South Korea’s Olympic athletes will wear uniforms infused with insect repellent to keep Zika-bearing mosquitoes at bay.
Tourists are being urged to practice safe sex, and those with pregnant partners cautioned to use condoms or abstain for weeks or even months to avoid unknowingly transmitting the virus.
Even as some competitors are taking extra precautions with the Olympic Games set to open here Friday, Brazilian and global health officials are trying to reassure athletes and visitors alike about what they say are the minimal risks of contracting and spreading Zika.

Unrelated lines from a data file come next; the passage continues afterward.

(* Let $S_1,S_2\subseteq\mathbb{F}_q$ with $\#S_1=\#S_2=s$, let $\sigma\in\{0,\dots,s-1\}$, and let $\ell$ be a positive integer with $\ell\le\sigma+1$ such that $\ell$ is even if and only if $\sigma$ is odd. Then: (1) There exist $L_2\subsetneq L_1\subseteq\Delta(s,s)$ (namely those of the form $L_1=\{N\mid N\preceq_{\deg}X^iY^j\}$, $L_2=\{N\mid N\prec_{\deg}X^jY^i\}$ with $i=\frac{\sigma-\ell+1}{2}$, $j=\frac{\sigma+\ell-1}{2}$) with $\#L_1-\#L_2=\ell$ and $$M_1(C(L_1),C(L_2))=\Big(s-\tfrac{\sigma-\ell+1}{2}\Big)\Big(s-\tfrac{\sigma+\ell-1}{2}\Big),\quad M_1(C(L_2)^\perp,C(L_1)^\perp)\ge\Big(\tfrac{\sigma-\ell+3}{2}\Big)\Big(\tfrac{\sigma+\ell+1}{2}\Big),$$ and if $\ell\le\sigma-1$ then $d(C(L_1))=s(s-\sigma)<M_1(C(L_1),C(L_2))$. (2) There exist $L_2\subsetneq L_1\subseteq\Delta(s,s)$ with $\#L_1-\#L_2=\ell$ and $$M_1(C(L_1),C(L_2))=\Big(\tfrac{\sigma-\ell+3}{2}\Big)\Big(\tfrac{\sigma+\ell+1}{2}\Big),\quad M_1(C(L_2)^\perp,C(L_1)^\perp)\ge\Big(s-\tfrac{\sigma-\ell+1}{2}\Big)\Big(s-\tfrac{\sigma+\ell-1}{2}\Big),$$ and if $\ell\le\sigma-1$ then $d(C(L_1))=\sigma+1<M_1(C(L_1),C(L_2))$.
   Context: $q$ is a prime power. $S_1\times S_2=\{\alpha_1,\dots,\alpha_n\}$, $n=s^2$. $\Delta(s,s)=\{X^aY^b\mid 0\le a,b<s\}$. For $L\subseteq\Delta(s,s)$, $C(L)\subseteq\mathbb{F}_q^n$ is the span of $(N(\alpha_1),\dots,N(\alpha_n))$, $N\in L$; $C^\perp$ is the Euclidean dual; $d(C)$ is the minimum Hamming distance. $\prec_{\deg}$: $X^aY^b\prec_{\deg}X^cY^d$ iff $a+b<c+d$, or $a+b=c+d$ and $b<d$. For linear codes $C_2\subsetneq C_1$, $M_1(C_1,C_2)=\min\{w_H(\vec c)\mid \vec c\in C_1\setminus C_2\}$. *)

theory Defs
  imports Main
begin

(* Monomials X^a Y^b are represented by their exponent pairs (a,b). *)
definition Delta :: "nat \<Rightarrow> (nat \<times> nat) set" where
  "Delta s = {(a, b). a < s \<and> b < s}"

definition deg_less :: "nat \<times> nat \<Rightarrow> nat \<times> nat \<Rightarrow> bool" where
  "deg_less N M \<longleftrightarrow> fst N + snd N < fst M + snd M
     \<or> (fst N + snd N = fst M + snd M \<and> snd N < snd M)"

definition deg_le :: "nat \<times> nat \<Rightarrow> nat \<times> nat \<Rightarrow> bool" where
  "deg_le N M \<longleftrightarrow> deg_less N M \<or> N = M"

(* Vectors of F_q^n, indexed by the points of S1 \<times> S2, are functions that vanish
   outside S1 \<times> S2. *)
definition ambient :: "'a set \<Rightarrow> 'a set \<Rightarrow> ('a \<times> 'a \<Rightarrow> 'b::zero) set" where
  "ambient S1 S2 = {v. \<forall>p. p \<notin> S1 \<times> S2 \<longrightarrow> v p = 0}"
theorem mainTheorem7:
  fixes \<sigma> :: "(real^'d) set" and P :: "(real^'d) set set"
  assumes "rational_polyhedral_cone \<sigma>"
    and "strongly_convex \<sigma>"
    and "aff_dim \<sigma> = int CARD('d)"
    and "P \<subseteq> rays \<sigma>"
  shows "(\<exists>L. subspace L \<and> L \<noteq> {0} \<and> L \<subseteq> sigma_Pi \<sigma> P)
           \<longleftrightarrow> sigma1_Pi P \<inter> sigma2_Pi \<sigma> P \<noteq> {0}"
proof -
  obtain S where S: "finite S" "\<forall>v\<in>S. lattice_pt v" and \<sigma>: "\<sigma> = convex_cone hull S"
    using assms(1) gen_cone_eq_convex_cone_hull unfolding rational_polyhedral_cone_def by metis
  have "finite (rays \<sigma>)"
    using rays_convex_cone_hull_subset[OF S(1)] assms(2) S(1) \<sigma> finite_subset by blast
  define A B where "A = prim_gen ` P" and "B = prim_gen ` (rays \<sigma> - P)"
  have "finite A" "finite B"
    unfolding A_def B_def using \<open>finite (rays \<sigma>)\<close> assms(4) finite_subset by blast+
  then have cones: "sigma_Pi \<sigma> P = convex_cone hull (uminus ` A \<union> B)"
    "sigma1_Pi P = convex_cone hull A" "sigma2_Pi \<sigma> P = convex_cone hull B"
    unfolding sigma_Pi_def sigma1_Pi_def sigma2_Pi_def A_def B_def image_image[symmetric]
    by (simp_all add: gen_cone_eq_convex_cone_hull)
  have AB: "A \<subseteq> \<sigma>" "B \<subseteq> \<sigma>"
    using prim_gen_ray_mem[OF S] assms(2,4) \<sigma> unfolding A_def B_def by blast+
  have pointed: "convex_cone \<sigma>" "\<sigma> \<inter> uminus ` \<sigma> = {0}"
    using assms(2) \<sigma> convex_cone_convex_cone_hull unfolding strongly_convex_def by auto
  show ?thesis
    unfolding cones subspace_subset_convex_cone_iff[OF convex_cone_convex_cone_hull]
    by (rule opposite_points_in_convex_cone_hull_uminus_Un_iff[OF pointed AB])
qed

end
(* Let $A$ be a unital C$^*$-subalgebra of $B(H)$ (with $1_A = 1_H$) and let $\phi$ be a faithful state on $A$. Let $\Theta$ be a $*$-automorphism of $A$ with $\phi\circ\Theta=\phi$, and let $\Theta^*: A \to A$ be its adjoint with respect to $\phi$, i.e. the map with $\phi(y^*\Theta^*(x)) = \phi(\Theta(y)^* x)$ for all $x,y\in A$. Then $\Theta^*$ is an operational extreme point of the set of completely positive maps $A \to A$: whenever $\Theta^* = \sum_{i=1}^m \mathrm{Ad}\, a_i \circ \Psi_i$ with $\Psi_1,\dots,\Psi_m$ completely positive maps $A\to A$ and nonzero $a_1,\dots,a_m\in A$ with $\sum_{i=1}^m a_i a_i^* = 1$, there exist $z_1,\dots,z_m \in \Theta^*(A)'$ with $\mathrm{Ad}\, a_i\circ\Psi_i = z_i\Theta^*$ for all $i$.
   Context: $\mathrm{Ad}\, v(x) = v x v^*$. $\Theta^*(A)'$ is the commutant of $\Theta^*(A)$ in $B(H)$. *)

theory Defs
  imports "HOL-Analysis.Analysis"
begin

class complex_inner = real_normed_vector +
  fixes scaleC :: "complex \<Rightarrow> 'a \<Rightarrow> 'a"
    and cinner :: "'a \<Rightarrow> 'a \<Rightarrow> complex"
  assumes scaleC_add_right: "scaleC c (x + y) = scaleC c x + scaleC c y"
    and scaleC_add_left: "scaleC (c + d) x = scaleC c x + scaleC d x"
    and scaleC_scaleC: "scaleC c (scaleC d x) = scaleC (c * d) x"
    and scaleC_one: "scaleC 1 x = x"
    and scaleR_scaleC: "scaleR r x = scaleC (complex_of_real r) x"
    and cinner_add_right: "cinner x (y + z) = cinner x y + cinner x z"
    and cinner_scaleC_right: "cinner x (scaleC c y) = c * cinner x y"
    and cinner_commute: "cinner y x = cnj (cinner x y)"
    and cinner_self_norm: "cinner x x = complex_of_real ((norm x)\<^sup>2)"
(* Let $u$ be implemented by a network of depth $\mathcal D$ and width $\mathcal W$ with activations in $\{\mathrm{ReLU}^2,\mathrm{ReLU}^3\}$ (respectively in $\{\mathrm{ReLU}^3\}$). Then for each $i=1,\dots,d$, the partial derivative $D_iu$ is implemented by a network of depth $\mathcal D+2$ and width at most $(\mathcal D+2)\mathcal W$ with activations in $\{\mathrm{ReLU},\mathrm{ReLU}^2,\mathrm{ReLU}^3\}$ (respectively in $\{\mathrm{ReLU}^2,\mathrm{ReLU}^3\}$). Moreover, the networks implementing $D_1u,\dots,D_du$ can be chosen with the same architecture.
   Context: $\mathrm{ReLU}^k(x)=(\max\{x,0\})^k$ for $k\ge1$. A function $u:\mathbb R^d\to\mathbb R$ is implemented by a network of depth $\mathcal D$ and width $\mathcal W$ with activations in $\Phi$ if there are $n_0=d,n_1,\dots,n_{\mathcal D}=1$ with $\max_\ell n_\ell\le\mathcal W$, $A_\ell\in\mathbb R^{n_\ell\times n_{\ell-1}}$, $b_\ell\in\mathbb R^{n_\ell}$, such that $f_0=x$, $(f_\ell)_q=\rho^{(\ell)}_q((A_\ell f_{\ell-1}+b_\ell)_q)$ for $\ell=1,\dots,\mathcal D-1$ with each $\rho^{(\ell)}_q\in\Phi$, and $u=A_{\mathcal D}f_{\mathcal D-1}+b_{\mathcal D}$. "Same architecture" means the same depth, layer sizes and assignment of activation functions to units (only the weights differ). *)

theory Defs
  imports Complex_Main
begin

definition relu_pow :: "nat \<Rightarrow> real \<Rightarrow> real" where
  "relu_pow k x = (max x 0) ^ k"

text \<open>A network is given by layer sizes ns = [n_0,...,n_D], weights A l q j (layer l, row q, column j),
  biases b l q, and activation assignment act l q (exponent of ReLU used at unit q of layer l).
  Vectors are functions nat => real, only the first n_l entries being relevant.
  The input x : nat => real is a point of R^d via its first d coordinates.\<close>
fun net_layer :: "nat list \<Rightarrow> (nat \<Rightarrow> nat \<Rightarrow> nat \<Rightarrow> real) \<Rightarrow> (nat \<Rightarrow> nat \<Rightarrow> real)
    \<Rightarrow> (nat \<Rightarrow> nat \<Rightarrow> nat) \<Rightarrow> (nat \<Rightarrow> real) \<Rightarrow> nat \<Rightarrow> (nat \<Rightarrow> real)" where
  "net_layer ns A b act x 0 = x"
| "net_layer ns A b act x (Suc l) =
     (\<lambda>q. relu_pow (act (Suc l) q)
            ((\<Sum>j<ns ! l. A (Suc l) q j * net_layer ns A b act x l j) + b (Suc l) q))"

No country has been hit harder by the virus than Brazil, which recorded 165,932 suspected Zika cases this year through June 11, about 46,000 of them in Rio de Janeiro state, the second most of any state in the country.
The World Health Organization, the U.S. Centers for Disease Control and Prevention, and the International Olympic Committee say there is only a remote chance that any of the expected 500,000 tourists and 10,000 athletes could acquire the virus and carry it home.
Among other factors, they cite the current seasonal drop in Brazil’s mosquito population, and the probability that most tourists will be spending the bulk of their nights in air-conditioned motels and their days in enclosed sports venues.
The Division of Global Migration and Quarantine at the CDC told The Wall Street Journal in a statement that while “globalization is the main driver” of the spread of Zika, “the relative contribution of the 2016 Olympic Games in Rio is, proportionally, a very small part of that risk.”